▸ **Required work**: For every line of the records below that holds "longleftrightarrow", add one. Give only the final total.

________________________________________

(* There exists a locally finite poset $Q$ with a minimum element such that: (a) $Q$ has the Möbius uncertainty property: whenever $f,g:Q\to\mathbb{C}$ are functions, neither identically zero, with $g(z)=\sum_{x\leqslant z} f(x)$ for all $z\in Q$, at least one of $\{x: f(x)\neq0\}$ and $\{x: g(x)\neq 0\}$ is infinite; and (b) $Q$ does not have property $\mathcal{H}_3$: there is a three-element subset $S\subset Q$ such that for every $z\in S$ there are only finitely many $x\in Q$ with $x\geqslant z$ and $x\not\geqslant y$ for all $y\in S\setminus\{z\}$. Consequently, the Möbius uncertainty property does not imply property $\mathcal{H}_k$ for every $k\in\mathbb{N}$.
   Context: A poset is locally finite if every interval $\{z: x\leqslant z\leqslant y\}$ is finite. For $k\in\mathbb{N}$, a poset $P$ has property $\mathcal{H}_k$ if for every subset $S\subset P$ with $|S|=k$ there exists $z\in S$ such that infinitely many $x\in P$ satisfy $x\geqslant z$ and $x\not\geqslant y$ for all $y\in S\setminus\{z\}$. *)

theory Defs
  imports Complex_Main
begin

text \<open>Carriers live in the type nat: a locally finite poset with a
  minimum element is countable, so this loses no generality.\<close>

definition poset_on :: "'a set \<Rightarrow> ('a \<Rightarrow> 'a \<Rightarrow> bool) \<Rightarrow> bool" where
  "poset_on Q le \<longleftrightarrow>
     (\<forall>x\<in>Q. le x x) \<and>
     (\<forall>x\<in>Q. \<forall>y\<in>Q. le x y \<and> le y x \<longrightarrow> x = y) \<and>
     (\<forall>x\<in>Q. \<forall>y\<in>Q. \<forall>z\<in>Q. le x y \<and> le y z \<longrightarrow> le x z)"

definition locally_finite_on :: "'a set \<Rightarrow> ('a \<Rightarrow> 'a \<Rightarrow> bool) \<Rightarrow> bool" where
  "locally_finite_on Q le \<longleftrightarrow> (\<forall>x\<in>Q. \<forall>y\<in>Q. finite {z\<in>Q. le x z \<and> le z y})"

definition has_minimum_on :: "'a set \<Rightarrow> ('a \<Rightarrow> 'a \<Rightarrow> bool) \<Rightarrow> bool" where
  "has_minimum_on Q le \<longleftrightarrow> (\<exists>m\<in>Q. \<forall>x\<in>Q. le m x)"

________________________________________

▸ **Answer box**: 3